As shown in FIG. 6, the left end of the base member 110 includes a first roller 161, a second roller 163, and a third roller 165 constituting the roller unit 160 described later. The first center of rotation C1, the second center of rotation C2, and the third center of rotation C3, which serve as the center of rotation, are disposed.

In addition, a first rotating shaft A1 is spaced apart to the right from the center of rotation (C1, C2, C3) of the roller to be the center of rotation of the rope wheel 120 is disposed, the right end of the base member 110 A second rotary shaft A2 is spaced apart from the first rotary shaft A1 and serves as a rotation center of the reduction wheel 130.

 On the base member 110, a first roller shaft (not shown) and a second roller shaft (not shown) are formed to protrude vertically from the base member 110 along the rotation centers C1, C2, C3 of the roller. A third roller shaft (not shown) is provided, and a driving shaft 111 is formed to protrude vertically from the base member 110 along the first rotation shaft A1, and the second rotation shaft ( A driven shaft 113 is formed to protrude vertically from the base member 110 along A2).

In addition, the hook member 115 is disposed on the base member 110 as a hook portion (not shown) provided in the stiffener holder (not shown).

 The rope wheel 120 is a member coupled to the base member 110 to be rotatable about the drive shaft 111 and includes a drive gear 121 and a hook portion 123.

The drive gear 121 is a portion for transmitting power to the driven gear 131, and is composed of a first outer ring portion 1211 and a second outer ring portion 1213 coaxially formed with each other.

The first outer ring portion 1211 and the second outer ring portion 1213 have a diameter of a predetermined length and are spaced apart from each other, and a tooth portion is formed on the outer surface.

In the present embodiment, as shown in Figure 4, the shape of the gear portion formed in the first outer ring portion 1211 and the second outer ring portion 1213 is in the form of a spur gear, but the shape of the gear according to the present invention is a spur gear In addition, the helical gear, the rack gear, the bevel gear, the one gear, and the chain gear may have embodiments, but is not limited thereto.

On the other hand, in the present embodiment, the first outer ring portion 1211 and the second outer ring portion 1213 is configured to have the same diameter and the same tooth so as to be geared at the same time as one driven gear 131 to be described later. Here, the same tooth portion means that the pitch and size of each tooth constituting the tooth portion are the same, and the arrangement relationship corresponds.

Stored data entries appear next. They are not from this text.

theorem lemma3p2:
  fixes m :: nat
    and K Oset :: "'a::euclidean_space set"
    and f :: "nat \<Rightarrow> 'a \<Rightarrow> real" and gf :: "nat \<Rightarrow> 'a \<Rightarrow> 'a" and Hf :: "nat \<Rightarrow> 'a \<Rightarrow> 'a \<Rightarrow> 'a"
    and G :: "'a \<Rightarrow> real" and \<mu> L :: real and xstar :: 'a
    and E :: "(nat \<times> nat) set" and W :: "nat \<Rightarrow> nat \<Rightarrow> real"
    and ft :: "nat \<Rightarrow> 'a \<Rightarrow> 'a \<Rightarrow> real" and gft :: "nat \<Rightarrow> 'a \<Rightarrow> 'a \<Rightarrow> 'a"
    and Hft :: "nat \<Rightarrow> 'a \<Rightarrow> 'a \<Rightarrow> 'a \<Rightarrow> 'a"
    and Dl Du :: "nat \<Rightarrow> real" and Dmax :: real
    and \<alpha> :: real and x y xhat :: "nat \<Rightarrow> nat \<Rightarrow> 'a"
  assumes m_pos: "0 < m"
    \<comment> \<open>(A)\<close>
    and K_ne: "K \<noteq> {}" and K_closed: "closed K" and K_convex: "convex K"
    and O_open: "open Oset" and K_sub_O: "K \<subseteq> Oset"
    and f_convex: "\<forall>i<m. convex_on Oset (f i)"
    and f_grad: "\<forall>i<m. \<forall>z\<in>Oset. (f i has_derivative (\<lambda>h. gf i z \<bullet> h)) (at z)"
    and f_hess: "\<forall>i<m. \<forall>z\<in>Oset. (gf i has_derivative Hf i z) (at z)"
    and mu_pos: "0 < \<mu>"
    and hess_bounds: "\<forall>z\<in>K. \<forall>h. \<mu> * (norm h)\<^sup>2 \<le> h \<bullet> ((1 / real m) *\<^sub>R (\<Sum>i<m. Hf i z h))
                          \<and> h \<bullet> ((1 / real m) *\<^sub>R (\<Sum>i<m. Hf i z h)) \<le> L * (norm h)\<^sup>2"
    and G_convex: "convex_on K G"
    and xstar_K: "xstar \<in> K"
    and xstar_unique_min: "\<forall>z\<in>K. z \<noteq> xstar \<longrightarrow>
          (1 / real m) * (\<Sum>i<m. f i xstar) + G xstar < (1 / real m) * (\<Sum>i<m. f i z) + G z"
    \<comment> \<open>(B)\<close>
    and E_sub: "E \<subseteq> {..<m} \<times> {..<m}" and E_sym: "sym E"
    and E_conn: "\<forall>i<m. \<forall>j<m. (i, j) \<in> E\<^sup>*"
    \<comment> \<open>(W)\<close>
    and W_diag: "\<forall>i<m. 0 < W i i"
    and W_edge: "\<forall>i<m. \<forall>j<m. i \<noteq> j \<longrightarrow> ((i, j) \<in> E \<longrightarrow> 0 < W i j) \<and> ((i, j) \<notin> E \<longrightarrow> W i j = 0)"
    and W_row: "\<forall>i<m. (\<Sum>j<m. W i j) = 1"
    and W_col: "\<forall>j<m. (\<Sum>i<m. W i j) = 1"
    \<comment> \<open>(C)\<close>
    and ft_C2: "\<forall>i<m. C2_on (Oset \<times> Oset) (\<lambda>p. ft i (fst p) (snd p))"
    and ft_grad: "\<forall>i<m. \<forall>z\<in>Oset. \<forall>w\<in>Oset. ((\<lambda>u. ft i u w) has_derivative (\<lambda>h. gft i z w \<bullet> h)) (at z)"
    and ft_hess: "\<forall>i<m. \<forall>z\<in>Oset. \<forall>w\<in>Oset. ((\<lambda>u. gft i u w) has_derivative Hft i z w) (at z)"
    and ft_consistent: "\<forall>i<m. \<forall>z\<in>K. gft i z z = gf i z"
    and ft_lipschitz: "\<forall>i<m. \<forall>w\<in>K. \<exists>C. C-lipschitz_on K (\<lambda>u. gft i u w)"
    and ft_strongly_convex: "\<forall>i<m. \<forall>w\<in>K. strongly_convex_on K (\<lambda>u. ft i u w)"
    and D_le: "\<forall>i<m. Dl i \<le> Du i"
    and D_bounds: "\<forall>i<m. \<forall>z\<in>K. \<forall>w\<in>K. \<forall>h.
          Dl i * (norm h)\<^sup>2 \<le> h \<bullet> Hft i z w h - h \<bullet> ((1 / real m) *\<^sub>R (\<Sum>j<m. Hf j z h))
        \<and> h \<bullet> Hft i z w h - h \<bullet> ((1 / real m) *\<^sub>R (\<Sum>j<m. Hf j z h)) \<le> Du i * (norm h)\<^sup>2"
    and Dmax_def: "Dmax = Max ((\<lambda>i. max \<bar>Dl i\<bar> \<bar>Du i\<bar>) ` {..<m})"
    and Dmax_pos: "0 < Dmax"
    \<comment> \<open>SONATA iterates\<close>
    and alpha_pos: "0 < \<alpha>" and alpha_le1: "\<alpha> \<le> 1"
    and x0: "\<forall>i<m. x 0 i \<in> K"
    and y0: "\<forall>i<m. y 0 i = gf i (x 0 i)"
    and xhat_K: "\<forall>\<nu>. \<forall>i<m. xhat \<nu> i \<in> K"
    and xhat_min: "\<forall>\<nu>. \<forall>i<m. \<forall>z\<in>K.
          ft i (xhat \<nu> i) (x \<nu> i) + (y \<nu> i - gf i (x \<nu> i)) \<bullet> (xhat \<nu> i - x \<nu> i) + G (xhat \<nu> i)
        \<le> ft i z (x \<nu> i) + (y \<nu> i - gf i (x \<nu> i)) \<bullet> (z - x \<nu> i) + G z"
    and x_step: "\<forall>\<nu>. \<forall>i<m. x (Suc \<nu>) i = (\<Sum>j<m. W i j *\<^sub>R (x \<nu> j + \<alpha> *\<^sub>R (xhat \<nu> j - x \<nu> j)))"
    and y_step: "\<forall>\<nu>. \<forall>i<m. y (Suc \<nu>) i = (\<Sum>j<m. W i j *\<^sub>R (y \<nu> j + gf j (x (Suc \<nu>) j) - gf j (x \<nu> j)))"
  shows "\<forall>\<nu>. \<alpha> * (\<Sum>i<m. (norm (xhat \<nu> i - x \<nu> i))\<^sup>2)
           \<ge> \<mu> / Dmax\<^sup>2 *
             ((\<Sum>i<m. ((1 / real m) * (\<Sum>j<m. f j (x (Suc \<nu>) i)) + G (x (Suc \<nu>) i))
                        - ((1 / real m) * (\<Sum>j<m. f j xstar) + G xstar))
              - (1 - \<alpha>) * (\<Sum>i<m. ((1 / real m) * (\<Sum>j<m. f j (x \<nu> i)) + G (x \<nu> i))
                        - ((1 / real m) * (\<Sum>j<m. f j xstar) + G xstar))
              - \<alpha> / \<mu> * (\<Sum>i<m. (norm ((1 / real m) *\<^sub>R (\<Sum>j<m. gf j (x \<nu> i)) - y \<nu> i))\<^sup>2))"
proof -
  define F where "F z = (1 / real m) * (\<Sum>j<m. f j z)" for z
  define gF where "gF z = (1 / real m) *\<^sub>R (\<Sum>j<m. gf j z)" for z
  define HF where "HF z h = (1 / real m) *\<^sub>R (\<Sum>j<m. Hf j z h)" for z h
  define U where "U z = F z + G z" for z
  have dF: "(F has_derivative (\<lambda>h. gF z \<bullet> h)) (at z)" if "z \<in> Oset" for z
    using f_grad that m_pos unfolding F_def gF_def
    by (auto intro!: derivative_eq_intros simp: inner_sum_left)
  have dgF: "(gF has_derivative HF z) (at z)" if "z \<in> Oset" for z
    using f_hess that m_pos unfolding gF_def HF_def[abs_def]
    by (auto intro!: derivative_eq_intros)
  have W_nonneg: "0 \<le> W i j" if "i < m" "j < m" for i j
    using W_diag W_edge that by (cases "i = j"; cases "(i, j) \<in> E") (auto intro: less_imp_le)
  have x_K: "x \<nu> i \<in> K" if "i < m" for \<nu> i
    using mixing_iterates_mem[where x = x and xh = xhat and \<alpha> = \<alpha> and W = W and m = m, OF K_convex]
      that W_nonneg W_row alpha_pos alpha_le1 x0 xhat_K x_step by simp
  have U_convex: "convex_on K U"
    unfolding U_def[abs_def] F_def
    using f_convex K_sub_O K_convex G_convex
    by (intro convex_on_add convex_on_cmul convex_on_sum_fun) (auto intro: convex_on_subset)
  have Dmax_ge: "\<bar>Dl i\<bar> \<le> Dmax \<and> \<bar>Du i\<bar> \<le> Dmax" if "i < m" for i
    using Max_ge[of "(\<lambda>i. max \<bar>Dl i\<bar> \<bar>Du i\<bar>) ` {..<m}"] that unfolding Dmax_def by fastforce
  have hess_gap: "\<bar>h \<bullet> Hft i z w h - h \<bullet> HF z h\<bar> \<le> Dmax * (norm h)\<^sup>2" if "i < m" "z \<in> K" "w \<in> K" for i z w h
    using D_bounds Dmax_ge that by (intro abs_le_of_two_sided_bound[of "Dl i" _ _ "Du i"]) (auto simp: HF_def)
  have gap: "U (xhat \<nu> i) - U xstar
      \<le> (Dmax\<^sup>2 * (norm (xhat \<nu> i - x \<nu> i))\<^sup>2 + (norm (gF (x \<nu> i) - y \<nu> i))\<^sup>2) / \<mu>"
    if i: "i < m" for \<nu> i
    unfolding U_def
    by (rule surrogate_minimizer_gap[OF O_open K_sub_O K_convex x_K[OF i] xhat_K[rule_format, OF i] xstar_K dF dgF,
          where ft = "\<lambda>u. ft i u (x \<nu> i)" and gft = "\<lambda>u. gft i u (x \<nu> i)" and Hft = "\<lambda>u. Hft i u (x \<nu> i)"])
      (use i x_K[OF i] subsetD[OF K_sub_O x_K[OF i]] ft_grad ft_hess hess_bounds hess_gap ft_consistent
          G_convex xhat_min mu_pos Dmax_pos in \<open>auto simp: HF_def\<close>)
  show ?thesis
    using doubly_stochastic_descent[OF U_convex K_convex W_nonneg W_row[rule_format] W_col[rule_format]
        alpha_pos alpha_le1 x_K xhat_K[rule_format] x_step[rule_format] gap mu_pos Dmax_pos]
    by (simp add: U_def F_def gF_def)
qed

end
lemma representation_iff:
  assumes U: "uninorm U e" and dj: "disjunctive U" and N: "fuzzy_negation N"
    and I: "\<forall>x\<in>{0..1}. \<forall>y\<in>{0..1}. I x y = U (N x) y"
  shows "(e' \<in> {0<..<1} \<and> uninorm U' e' \<and> disjunctive U' \<and> continuous_fuzzy_negation N' \<and>
          (\<forall>x\<in>{0..1}. \<forall>y\<in>{0..1}. I x y = U' (N' x) y))
     \<longleftrightarrow> (e' \<in> {0<..<1} \<and> continuous_fuzzy_negation (hcut I e') \<and>
          (\<forall>x\<in>{0..1}. N' x = hcut I e' x) \<and>
          (\<forall>x\<in>{0..1}. \<forall>y\<in>{0..1}. U' x y = I (mod_pseudo_inv (hcut I e') x) y))"
    (is "?rep \<longleftrightarrow> ?cut")
proof
  assume ?rep
  then have e': "e' \<in> {0<..<1}" and U': "uninorm U' e'" and N': "continuous_fuzzy_negation N'"
    and I': "\<forall>x\<in>{0..1}. \<forall>y\<in>{0..1}. I x y = U' (N' x) y" by blast+
  have hN: "\<forall>x\<in>{0..1}. N' x = hcut I e' x"
    using hcut_eq_negation[OF U' _ I'] N' by (simp add: continuous_fuzzy_negation_def)
  have "\<forall>x\<in>{0..1}. \<forall>y\<in>{0..1}. U' x y = I (mod_pseudo_inv (hcut I e') x) y"
    using representation_uninorm_eq_pseudo_inv[OF U' N' I'] by blast
  then show ?cut using e' hN continuous_fuzzy_negation_cong[OF hN N'] by (intro conjI)
next
  assume ?cut
  then have e': "e' \<in> {0<..<1}" and M: "continuous_fuzzy_negation (hcut I e')"
    and hN: "\<forall>x\<in>{0..1}. N' x = hcut I e' x"
    and hU: "\<forall>x\<in>{0..1}. \<forall>y\<in>{0..1}. U' x y = I (mod_pseudo_inv (hcut I e') x) y" by blast+
  have e'1: "e' \<in> {0..1}" using e' by simp
  note rep = representation_of_hcut[OF U dj N I e'1 M]
  have "uninorm U' e'" using rep(1) by (rule uninorm_cong[rotated]) (simp add: hU)
  moreover have "disjunctive U'" using rep(2) hU by (simp add: disjunctive_def)
  moreover have "continuous_fuzzy_negation N'"
    using continuous_fuzzy_negation_cong[OF _ M] hN by simp
  moreover have "\<forall>x\<in>{0..1}. \<forall>y\<in>{0..1}. I x y = U' (N' x) y"
  proof (intro ballI)
    fix x y :: real assume x: "x \<in> {0..1}" and y: "y \<in> {0..1}"
    have "hcut I e' x \<in> {0..1}" by (rule continuous_fuzzy_negation_closed[OF M x])
    then show "I x y = U' (N' x) y" using rep(3) hU hN x y by metis
  qed
  ultimately show ?rep using e' by blast
qed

The hook portion 123 is a cylindrical portion in which the rope R is wound, and is disposed between the first outer ring portion 1211 and the second outer ring portion 1213, and the first outer ring portion 1211 and The second outer ring part 1213 is spaced apart from each other, and is formed coaxially with the first outer ring part 1211 and the second outer ring part 1213.

The hook portion 123 is formed to have a smaller diameter than the first outer ring portion 1211 and the second outer ring portion 1213. Accordingly, when the rope wheel 120 according to the present embodiment is viewed from the side, the hook portion 123 is disposed between the first outer ring portion 120 and the second outer ring portion 140 having a large diameter, such as an H shape. The shape appears.

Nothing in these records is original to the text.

lemma funpow_superhomogeneous:
  assumes superhom: "\<forall>x y. x \<ge> 1 \<longrightarrow> y \<ge> 1 \<longrightarrow> g (x * y) \<ge> g x * y" and "n \<ge> 1"
  shows "d * (g ^^ i) n \<le> (g ^^ i) (d * n)"
proof (cases "d = 0")
  case False
  show ?thesis
  proof (induction i)
    case (Suc i)
    have "1 \<le> (g ^^ i) n"
      using le_funpow[of n i] assms(2) by linarith
    then have "d * g ((g ^^ i) n) \<le> g ((g ^^ i) n * d)"
      using superhom[rule_format, of "(g ^^ i) n" d] False by (simp add: mult.commute)
    also have "\<dots> \<le> g ((g ^^ i) (d * n))"
      using Suc.IH by (simp add: monoD[OF mono] mult.commute)
    finally show ?case
      by simp
  qed simp
qed simp

end

theorem lemma15:
  fixes g :: "nat \<Rightarrow> nat" and n d l :: nat
    and Q :: "nat \<Rightarrow> (nat list \<times> nat list) set"
  assumes "mono g"
    and "\<forall>x. g x > x"
    and "\<forall>x y. x \<ge> 1 \<longrightarrow> y \<ge> 1 \<longrightarrow> g (x * y) \<ge> g x * y"
    and "\<forall>i\<le>l. congruence d (Q i)"
    and "controlled_chain g n pnorm Q l"
  shows "l \<le> 1 + hardy_omega_pow g (4 * d) (4 * d * n)"
proof -
  interpret mono_inflationary g
    using assms(1,2) by unfold_locales auto
  obtain u where len: "\<forall>i<l. length (u i) = d" and sum: "\<forall>i<l. sum_list (u i) \<le> d * (g ^^ i) n"
    and bad: "\<forall>i j. i < j \<longrightarrow> j < l \<longrightarrow> \<not> list_all2 (\<le>) (u i) (u j)"
    using controlled_congruence_chain_bad_sequence[OF assms(4,5)] .
  show ?thesis
  proof (cases "n = 0")
    case True
    have "l \<le> 1"
    proof (rule ccontr)
      assume "\<not> l \<le> 1"
      then have "u 0 = replicate d 0"
        using sum[rule_format, of 0] len True by (simp add: replicate_eqI)
      then have "list_all2 (\<le>) (u 0) (u 1)"
        using len \<open>\<not> l \<le> 1\<close> by (simp add: list_all2_conv_all_nth)
      then show False
        using bad \<open>\<not> l \<le> 1\<close> by auto
    qed
    then show ?thesis
      by simp
  next
    case False
    then have "\<forall>i<l. sum_list (u i) \<le> (g ^^ i) (d * n)"
      using sum funpow_superhomogeneous[OF assms(3), of n d] by (auto intro: order_trans)
    then have "d * n + l \<le> hardy g [d] (d * n)"
      by (rule bad_sequence_length[OF len _ bad])
    also have "\<dots> \<le> hardy g [4 * d] (4 * d * n)"
      using hardy_single_mono_exponent[of d "4 * d" "4 * d * n"]
        monoD[OF mono_hardy_single, of "d * n" "4 * d * n" d]
      by simp
    finally show ?thesis
      by (simp add: hardy_omega_pow_def)
  qed
qed
lemma exp_neg_mult_one_plus_power_ge:
  fixes k r :: nat and L :: real
  assumes "0 < k" "0 \<le> L" "r \<le> k" "real r \<le> 3/2 * sqrt (real k)"
  shows "exp (-1 - L) \<le> exp (- real k * deviation k L) * (1 + deviation k L) ^ (k - r)"
proof -
  define a where "a = deviation k L"
  have "0 \<le> a"
    using assms(2) by (simp add: a_def deviation_nonneg)
  have "real r * a \<le> 3/2 * (sqrt (real k) * a)"
    using mult_right_mono[OF assms(4) \<open>0 \<le> a\<close>] by simp
  also have "\<dots> \<le> 3/20 * (1 + 2 * L)"
    using sqrt_mult_deviation_le[OF assms(1,2)] by (simp add: a_def)
  finally have lin: "real r * a \<le> 3/20 * (1 + 2 * L)" .
  have "2 * a / (2 + a) = a - a\<^sup>2 / (2 + a)"
    using \<open>0 \<le> a\<close> by (simp add: field_simps power2_eq_square)
  then have "real (k - r) * ln (1 + a) \<ge> real k * (a - a\<^sup>2 / (2 + a)) - real r * a"
    using ln_one_plus_ge[OF \<open>0 \<le> a\<close>] ln_add_one_self_le_self[OF \<open>0 \<le> a\<close>] assms(3)
    by (simp add: left_diff_distrib) (intro diff_mono mult_left_mono; simp)
  then have "exp (-1 - L) \<le> exp (- real k * a + real (k - r) * ln (1 + a))"
    using mult_deviation_sq_le[OF assms(1,2)] lin assms(2) by (simp add: a_def algebra_simps)
  also have "\<dots> = exp (- real k * a) * exp (ln (1 + a)) ^ (k - r)"
    by (simp only: exp_add exp_of_nat_mult)
  also have "\<dots> = exp (- real k * a) * (1 + a) ^ (k - r)"
    using \<open>0 \<le> a\<close> by simp
  finally show ?thesis
    by (simp add: a_def)
qed

definition poisson_cdf :: "real \<Rightarrow> nat \<Rightarrow> real" where
  "poisson_cdf \<mu> m = (\<Sum>n\<le>m. \<mu> ^ n * exp (- \<mu>) / fact n)"

lemma power_div_fact_shift_le:
  fixes \<mu> c :: real and n k r :: nat
  assumes "n \<le> k" "k - n \<le> r" "0 < c" "c \<le> real n + 1" "c \<le> \<mu>"
  shows "\<mu> ^ k / fact k * (c / \<mu>) ^ r \<le> \<mu> ^ n / fact n"
proof -
  have "0 < \<mu>"
    using assms by simp
  have "(c / \<mu>) ^ r \<le> (c / \<mu>) ^ (k - n)"
    using assms \<open>0 < \<mu>\<close> by (intro power_decreasing) auto
  then have "\<mu> ^ k / fact k * (c / \<mu>) ^ r \<le> \<mu> ^ k / fact k * (c / \<mu>) ^ (k - n)"
    using \<open>0 < \<mu>\<close> by (intro mult_left_mono) auto
  also have "\<dots> = \<mu> ^ n * c ^ (k - n) / fact k"
  proof -
    have "\<mu> ^ k = \<mu> ^ n * \<mu> ^ (k - n)"
      using assms(1) by (simp flip: power_add)
    then show ?thesis
      using \<open>0 < \<mu>\<close> by (simp add: power_divide)
  qed
  also have "\<dots> \<le> \<mu> ^ n * (real n + 1) ^ (k - n) / fact k"
    using assms \<open>0 < \<mu>\<close> by (intro divide_right_mono mult_left_mono power_mono) auto
  also have "\<dots> \<le> \<mu> ^ n / fact n"
    using power_mult_fact_le_fact[OF assms(1)] \<open>0 < \<mu>\<close>
    by (simp add: divide_simps mult.commute mult_left_mono)
  finally show ?thesis .
qed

On the outer surface of the hook portion 123, a projecting three-dimensional protrusion protruding in the radial direction of the first rotation axis is formed.

The projecting three-dimensional, when the rope (R) is wound around the hook portion 123, the lifting force using the lifting device 100 according to the present invention by increasing the friction force between the rope (R) and the hook portion 123 And the like can be more safely and easily achieved. In this case, a plurality of protruding solids may be formed and have a predetermined spaced interval from each other, and the number and width thereof are not limited.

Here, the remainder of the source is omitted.